From my posts in the past, you might know that my ex and I get along fine most of the time. We're divorced but the marriage should have ended two years ago. Every so often, you might even be able to call us friends.
But I am absolutely SEETHING inside.
I wish I could just rip into him about all the things I am angry about. Hell, I still might, 15 years from now when our kids are grown. I am careful not to make him mad at me because he takes it out on the kids by not seeing them and says "I don't want to be around you" as an excuse.
So many things from the past 12 years I am still so angry about. I am angry at him, and I am angry at myself for letting it go on so long.
I even sort of wish he'd try to get me back again so I can list all the reasons why he's a shitty human being.
I can almost come close to saying I hate him. It's a hate that runs deep, the kind of hate that can only come from loving some one.
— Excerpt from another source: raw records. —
(* Let $W^\pm=(\alpha_1^\pm,\rho_1^\pm,\rho_2^\pm,u_1^\pm,u_2^\pm)$ with $\alpha_1^\pm\in(0,1)$, $\rho_i^\pm>0$, and $S\in\mathbb{R}$ satisfy the Rankine–Hugoniot conditions \begin{align*} &[\![\alpha_1\rho u]\!]=S[\![\alpha_1\rho]\!],\quad [\![\alpha_1\rho_1u_1]\!]=S[\![\alpha_1\rho_1]\!],\quad [\![\rho u]\!]=S[\![\rho]\!],\\ &[\![\alpha_1\rho_1u_1^2+\alpha_2\rho_2u_2^2+\alpha_1p_1+\alpha_2p_2]\!]=S[\![\alpha_1\rho_1u_1+\alpha_2\rho_2u_2]\!],\quad [\![\tfrac12(u_1^2-u_2^2)+\Psi_1-\Psi_2]\!]=S[\![u_1-u_2]\!], \end{align*} and assume $Q:=-\rho^-(u^--S)<0$. Let $\nu\in\{1,2\}$, assume $\rho\mapsto\rho\,a_\nu(\rho)$ is strictly increasing on $(0,\infty)$, and assume $\rho_\nu^-<\rho_\nu^+$. Let $D$ be the energy dissipation \[ D=\sum_{i=1}^2\Big(-S\,[\![\alpha_i\rho_i(\varphi_i+\tfrac12u_i^2)]\!]+[\![\alpha_i\rho_iu_i(\Psi_i+\tfrac12u_i^2)]\!]\Big). \] (a) If $S=u_\nu^+-a_\nu(\rho_\nu^+)$ (the characteristic speed $u_\nu-a_\nu$ on the right coincides with the discontinuity), then $D<0$, i.e. the energy admissibility condition $D\le0$ holds. (b) If $S=u_\nu^--a_\nu(\rho_\nu^-)$ (the characteristic speed $u_\nu-a_\nu$ on the left coincides with the discontinuity), then $D>0$, i.e. the energy admissibility condition is violated.
   Context: For $i=1,2$, $p_i:(0,\infty)\to\mathbb{R}$ is smooth with $p_i'>0$, $a_i(\rho)=\sqrt{p_i'(\rho)}$; $\varphi_i$ is an antiderivative of $\rho\mapsto p_i(\rho)/\rho^2$ and $\Psi_i(\rho)=\varphi_i(\rho)+p_i(\rho)/\rho$. For a state: $\alpha_2=1-\alpha_1$, $\rho=\alpha_1\rho_1+\alpha_2\rho_2$, $c_i=\alpha_i\rho_i/\rho$, $u=c_1u_1+c_2u_2$, $p_i=p_i(\rho_i)$, $\varphi_i=\varphi_i(\rho_i)$, $\Psi_i=\Psi_i(\rho_i)$. $[\![f]\!]=f(W^+)-f(W^-)$. This concerns a shock of one phase lying inside a rarefaction fan of phase $\nu$ of the one-dimensional barotropic conservative SHTC two-phase system, the admissibility criterion being $D\le0$. *)

theory Defs
  imports "HOL-Analysis.Analysis"
begin

type_synonym state = "real \<times> real \<times> real \<times> real \<times> real"

definition smooth_on :: "real set \<Rightarrow> (real \<Rightarrow> real) \<Rightarrow> bool" where
  "smooth_on A f \<longleftrightarrow> (\<forall>k x. x \<in> A \<longrightarrow> ((deriv ^^ k) f) differentiable (at x))"

definition alph :: "state \<Rightarrow> nat \<Rightarrow> real" where
  "alph W i = (case W of (a1, r1, r2, v1, v2) \<Rightarrow> if i = 1 then a1 else 1 - a1)"

definition rh :: "state \<Rightarrow> nat \<Rightarrow> real" where
  "rh W i = (case W of (a1, r1, r2, v1, v2) \<Rightarrow> if i = 1 then r1 else r2)"

definition vel :: "state \<Rightarrow> nat \<Rightarrow> real" where
  "vel W i = (case W of (a1, r1, r2, v1, v2) \<Rightarrow> if i = 1 then v1 else v2)"

definition rho :: "state \<Rightarrow> real" where
  "rho W = alph W 1 * rh W 1 + alph W 2 * rh W 2"

definition cfrac :: "state \<Rightarrow> nat \<Rightarrow> real" where
  "cfrac W i = alph W i * rh W i / rho W"

definition umix :: "state \<Rightarrow> real" where
  "umix W = cfrac W 1 * vel W 1 + cfrac W 2 * vel W 2"

definition sound :: "(nat \<Rightarrow> real \<Rightarrow> real) \<Rightarrow> nat \<Rightarrow> real \<Rightarrow> real" where
  "sound p i r = sqrt (deriv (p i) r)"

definition Psi :: "(nat \<Rightarrow> real \<Rightarrow> real) \<Rightarrow> (nat \<Rightarrow> real \<Rightarrow> real) \<Rightarrow> nat \<Rightarrow> real \<Rightarrow> real" where
  "Psi p \<phi> i r = \<phi> i r + p i r / r"

definition jump :: "(state \<Rightarrow> real) \<Rightarrow> state \<Rightarrow> state \<Rightarrow> real" where
  "jump f Wm Wp = f Wp - f Wm"

definition dissip :: "(nat \<Rightarrow> real \<Rightarrow> real) \<Rightarrow> (nat \<Rightarrow> real \<Rightarrow> real) \<Rightarrow> real \<Rightarrow> state \<Rightarrow> state \<Rightarrow> real" where
  "dissip p \<phi> S Wm Wp = (\<Sum>i\<in>{1,2::nat}.
      - S * jump (\<lambda>W. alph W i * rh W i * (\<phi> i (rh W i) + vel W i ^ 2 / 2)) Wm Wp
      + jump (\<lambda>W. alph W i * rh W i * vel W i * (Psi p \<phi> i (rh W i) + vel W i ^ 2 / 2)) Wm Wp)"

end

(*
  The Rankine-Hugoniot conditions force the volume fraction and both phase mass fluxes
  m_i = alpha_i rho_i (u_i - S) to be continuous across the discontinuity.  Splitting u_i = (u_i - S) + S
  in the energy fluxes and using momentum conservation then gives D = sum_i m_i [[B_i]] with the
  relative Bernoulli quantity B_i = (u_i - S)^2/2 + Psi_i(rho_i), and the last Rankine-Hugoniot
  condition says [[B_1]] = [[B_2]], so D = -Q [[B_nu]].  With j = rho_nu (u_nu - S), which is the same on
  both sides, B_nu = Psi_nu(rho_nu) + j^2/(2 rho_nu^2), a function of rho_nu whose derivative has the
  sign of (rho a_nu(rho))^2 - j^2.  In case (a) j = rho_nu^+ a_nu(rho_nu^+), so it decreases on
  [rho_nu^-, rho_nu^+]; in case (b) j = rho_nu^- a_nu(rho_nu^-) and it increases.
*)
theory Submission
  imports Defs
begin

lemma has_real_derivative_if_smooth_on:
  assumes "smooth_on A f" "x \<in> A"
  shows "(f has_real_derivative deriv f x) (at x)"
proof -
  have "f differentiable (at x)"
    using assms unfolding smooth_on_def by (metis funpow_0)
  then show ?thesis
    by (simp add: DERIV_deriv_iff_real_differentiable)
qed

lemma has_real_derivative_relative_bernoulli:
  fixes P F :: "real \<Rightarrow> real"
  assumes dP: "(P has_real_derivative P' r) (at r)"
    and dF: "(F has_real_derivative P r / r\<^sup>2) (at r)"
    and r: "r > 0"
  shows "((\<lambda>r. F r + P r / r + K / (2 * r\<^sup>2)) has_real_derivative (r\<^sup>2 * P' r - K) / r ^ 3) (at r)"
proof -
  have "((\<lambda>r. F r + P r / r + K / (2 * r\<^sup>2)) has_real_derivative
          P r / r\<^sup>2 + (P' r * r - P r) / r\<^sup>2 - K * (4 * r) / (2 * r\<^sup>2)\<^sup>2) (at r)"
    using r by (auto intro!: derivative_eq_intros dP dF simp: power2_eq_square)
  moreover have "P r / r\<^sup>2 + (P' r * r - P r) / r\<^sup>2 - K * (4 * r) / (2 * r\<^sup>2)\<^sup>2 = (r\<^sup>2 * P' r - K) / r ^ 3"
    using r by (simp add: field_simps power2_eq_square power3_eq_cube)
  ultimately show ?thesis by simp
qed

lemma continuous_on_relative_bernoulli:
  fixes P F :: "real \<Rightarrow> real"
  assumes dP: "\<And>r. r > 0 \<Longrightarrow> (P has_real_derivative P' r) (at r)"
    and dF: "\<And>r. r > 0 \<Longrightarrow> (F has_real_derivative P r / r\<^sup>2) (at r)"
    and a: "a > 0"
  shows "continuous_on {a..b} (\<lambda>r. F r + P r / r + K / (2 * r\<^sup>2))"
proof (intro DERIV_atLeastAtMost_imp_continuous_on exI)
  fix r assume "a \<le> r"
  with a have "r > 0" by linarith
  then show "((\<lambda>r. F r + P r / r + K / (2 * r\<^sup>2)) has_real_derivative (r\<^sup>2 * P' r - K) / r ^ 3) (at r)"
    by (intro has_real_derivative_relative_bernoulli dP dF)
qed

lemma relative_bernoulli_strict_decreasing:
  fixes P F :: "real \<Rightarrow> real"
  assumes dP: "\<And>r. r > 0 \<Longrightarrow> (P has_real_derivative P' r) (at r)"
    and dF: "\<And>r. r > 0 \<Longrightarrow> (F has_real_derivative P r / r\<^sup>2) (at r)"
    and mono: "strict_mono_on {0<..} (\<lambda>r. r\<^sup>2 * P' r)"
    and r: "0 < r0" "r0 < r1" and K: "r1\<^sup>2 * P' r1 \<le> K"
  shows "F r1 + P r1 / r1 + K / (2 * r1\<^sup>2) < F r0 + P r0 / r0 + K / (2 * r0\<^sup>2)"
proof (rule DERIV_neg_imp_decreasing_open[OF r(2)])
  fix z assume z: "r0 < z" "z < r1"
  have "z\<^sup>2 * P' z < r1\<^sup>2 * P' r1"
    using mono z r by (auto simp: strict_mono_on_def)
  with K have "z\<^sup>2 * P' z < K" by linarith
  then show "\<exists>y. ((\<lambda>r. F r + P r / r + K / (2 * r\<^sup>2)) has_real_derivative y) (at z) \<and> y < 0"
    using z r by (intro exI[of _ "(z\<^sup>2 * P' z - K) / z ^ 3"] conjI
        has_real_derivative_relative_bernoulli dP dF) (auto simp: divide_neg_pos)
next
  show "continuous_on {r0..r1} (\<lambda>r. F r + P r / r + K / (2 * r\<^sup>2))"
    by (rule continuous_on_relative_bernoulli[OF dP dF r(1)])
qed

lemma relative_bernoulli_strict_increasing:
  fixes P F :: "real \<Rightarrow> real"
  assumes dP: "\<And>r. r > 0 \<Longrightarrow> (P has_real_derivative P' r) (at r)"
    and dF: "\<And>r. r > 0 \<Longrightarrow> (F has_real_derivative P r / r\<^sup>2) (at r)"
    and mono: "strict_mono_on {0<..} (\<lambda>r. r\<^sup>2 * P' r)"
    and r: "0 < r0" "r0 < r1" and K: "K \<le> r0\<^sup>2 * P' r0"
  shows "F r0 + P r0 / r0 + K / (2 * r0\<^sup>2) < F r1 + P r1 / r1 + K / (2 * r1\<^sup>2)"
proof (rule DERIV_pos_imp_increasing_open[OF r(2)])
  fix z assume z: "r0 < z" "z < r1"
  have "r0\<^sup>2 * P' r0 < z\<^sup>2 * P' z"
    using mono z r by (auto simp: strict_mono_on_def)
  with K have "K < z\<^sup>2 * P' z" by linarith
  then show "\<exists>y. ((\<lambda>r. F r + P r / r + K / (2 * r\<^sup>2)) has_real_derivative y) (at z) \<and> y > 0"
    using z r by (intro exI[of _ "(z\<^sup>2 * P' z - K) / z ^ 3"] conjI
        has_real_derivative_relative_bernoulli dP dF) auto
next
  show "continuous_on {r0..r1} (\<lambda>r. F r + P r / r + K / (2 * r\<^sup>2))"
    by (rule continuous_on_relative_bernoulli[OF dP dF r(1)])
qed

lemma strict_mono_on_power2_mul_deriv:
  assumes mono: "strict_mono_on {0<..} (\<lambda>r. r * sound p i r)"
    and p': "\<And>r. r > 0 \<Longrightarrow> deriv (p i) r > 0"
  shows "strict_mono_on {0<..} (\<lambda>r. r\<^sup>2 * deriv (p i) r)"
proof (rule strict_mono_onI)
  fix r s :: real
  assume rs: "r \<in> {0<..}" "s \<in> {0<..}" "r < s"
  then have "r * sound p i r < s * sound p i s"
    using strict_mono_onD[OF mono] by blast
  moreover have "0 \<le> r * sound p i r"
    using rs p'[of r] by (simp add: sound_def)
  ultimately have "(r * sound p i r)\<^sup>2 < (s * sound p i s)\<^sup>2"
    by (rule power_strict_mono) simp
  then show "r\<^sup>2 * deriv (p i) r < s\<^sup>2 * deriv (p i) s"
    using rs p'[of r] p'[of s] by (simp add: sound_def power_mult_distrib)
qed

definition mass_flux :: "real \<Rightarrow> state \<Rightarrow> nat \<Rightarrow> real" where
  "mass_flux S W i = alph W i * rh W i * (vel W i - S)"

definition bernoulli :: "(nat \<Rightarrow> real \<Rightarrow> real) \<Rightarrow> (nat \<Rightarrow> real \<Rightarrow> real) \<Rightarrow> real \<Rightarrow> state \<Rightarrow> nat \<Rightarrow> real" where
  "bernoulli p \<phi> S W i = (vel W i - S)\<^sup>2 / 2 + Psi p \<phi> i (rh W i)"

lemma alph_2: "alph W 2 = 1 - alph W 1"
  by (simp add: alph_def split: prod.splits)

lemma rho_pos:
  assumes "0 < alph W 1" "alph W 1 < 1" "rh W 1 > 0" "rh W 2 > 0"
  shows "rho W > 0"
  using assms by (simp add: rho_def alph_2 add_pos_pos)

lemma mixture_flux_eq_sum_mass_flux:
  assumes "rho W \<noteq> 0"
  shows "rho W * (umix W - S) = mass_flux S W 1 + mass_flux S W 2"
proof -
  have "rho W * umix W = alph W 1 * rh W 1 * vel W 1 + alph W 2 * rh W 2 * vel W 2"
    using assms by (simp add: umix_def cfrac_def field_simps)
  then show ?thesis
    by (simp add: mass_flux_def rho_def algebra_simps)
qed

lemma alph_eq_if_mixture_flux_nonzero:
  assumes RH1: "jump (\<lambda>W. alph W 1 * rho W * umix W) Wm Wp = S * jump (\<lambda>W. alph W 1 * rho W) Wm Wp"
    and RH3: "jump (\<lambda>W. rho W * umix W) Wm Wp = S * jump rho Wm Wp"
    and M: "rho Wm * (umix Wm - S) \<noteq> 0"
    and i: "i \<in> {1, 2}"
  shows "alph Wp i = alph Wm i"
proof -
  have "rho Wp * (umix Wp - S) = rho Wm * (umix Wm - S)"
    using RH3 by (simp add: jump_def algebra_simps)
  moreover have "alph Wp 1 * (rho Wp * (umix Wp - S)) = alph Wm 1 * (rho Wm * (umix Wm - S))"
    using RH1 by (simp add: jump_def algebra_simps)
  ultimately have "alph Wp 1 = alph Wm 1"
    using M by simp
  then show ?thesis
    using i by (auto simp: alph_2)
qed

lemma mass_flux_eq_across_shock:
  assumes RH2: "jump (\<lambda>W. alph W 1 * rh W 1 * vel W 1) Wm Wp = S * jump (\<lambda>W. alph W 1 * rh W 1) Wm Wp"
    and RH3: "jump (\<lambda>W. rho W * umix W) Wm Wp = S * jump rho Wm Wp"
    and rho: "rho Wm \<noteq> 0" "rho Wp \<noteq> 0"
    and i: "i \<in> {1, 2}"
  shows "mass_flux S Wp i = mass_flux S Wm i"
proof -
  have flux1: "mass_flux S Wp 1 = mass_flux S Wm 1"
    using RH2 by (simp add: jump_def mass_flux_def algebra_simps)
  have "rho Wp * (umix Wp - S) = rho Wm * (umix Wm - S)"
    using RH3 by (simp add: jump_def algebra_simps)
  then have flux2: "mass_flux S Wp 2 = mass_flux S Wm 2"
    using flux1 by (simp add: mixture_flux_eq_sum_mass_flux rho)
  show ?thesis
    using i flux1 flux2 by auto
qed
I am having a really bad night.
There is not step-by-step guide how to let it go part of it is time and the other part is you realizing that holding onto the anger ONLY affects you (and sometimes the kid) and
You already have had the time pass now you really have to talk to yourself how this is only hurting you and it isn't worth it
I had to back up rethink what i was fixing to say. It would be a lie to say i'm not angry with my ex. Fresh events like him stopping cs right at holidays has me furious! Up till this point all the anger was gone out of me. Its hard to let go of anger. LOL On a funny side my ex would turn around walk out if i was watching Mr & Mrs smith...we were both in army together and he knew my favorite line ''you still alive baby?!'' hahaha
December 9, 2012 at 11:44 AMHmmmm that's a tough question. Over time, my anger turned into indifference. I just choose to not feel anger towards him anymore. It's a waste of energy--kwim? Not going to change anything
December 9, 2012 at 1:02 PMI hear ya!!!!! My ex and I are 'friends' buy I try to keep it that way so we don't have more problems!! He never pays on time, hardly makes an effort to see our ds, and he is the one who ruined the marriage. I asked for the divorce and honestly, I miss my life. I miss my house, having a husband, coming home to a family. Now it's my son and I, and as cool as that is, I want help. He messed it all up and I'm suffering for it.
I have a punching bag, and I usually talk to my sis. She lets me VENT and still doesn't see me as a negative, angry, bitter person. (I had a friend I vented to, things didn't turn out well because they didn't see I just needed to talk things through). She never judges and only interjects if she needs to.
Its not an easy thing to do. I don't know your situation, but if you take one day at a time it will get better. Try to see if you can find another friend who will lift you up over this and forget about him. He don't want to make the effort to see them, it's not your problem. *Smile*
When I was still mad at my ex I would imagine him being hung, drawn and quartered. And when I didn't have time to indulge in that I would go to my martial arts class and work it out there. It's amazing how much better a woman can feel after a few throwdowns! lol
But I haven't bothered with any of those in years. Being angry was taking up to much energy and time, neither of which I had in large quantities to begin with. So I just stopped. I figured I could channel all the energy I was spending being mad at him (and he didn't even know it) on classes at college. Now I have a BA. :)
by ilovemyson93December 9, 2012 at 3:51 PM
I know the feeling. My baby's dad and I are getting a divorce because he cheated on me with a 16 year old. I still don't like him but I try to be civil for my son's sake. When I think about everything he put me and my son through, I get so angry. When it first happened, I hated him so much. I have gotten better but I still have my moments.
I've been thinking about just writing out everything I"m angry about in a letter to him but not really give it to him. Like a previous poster, I am not always so bitter but sometimes, things remind me of shit he's done. Like yesterday I was reminded that he lied to me about going to a bar while I was in the hospital with our one year old who was dehydrated with the rotovirus with an IV in his foot and another man who has no obligation to me or my kids drove all the way to my house to get some things I needed, drove all the way to the hospital to bring it to me and drove all the way back home, a total of about 2 hours driving.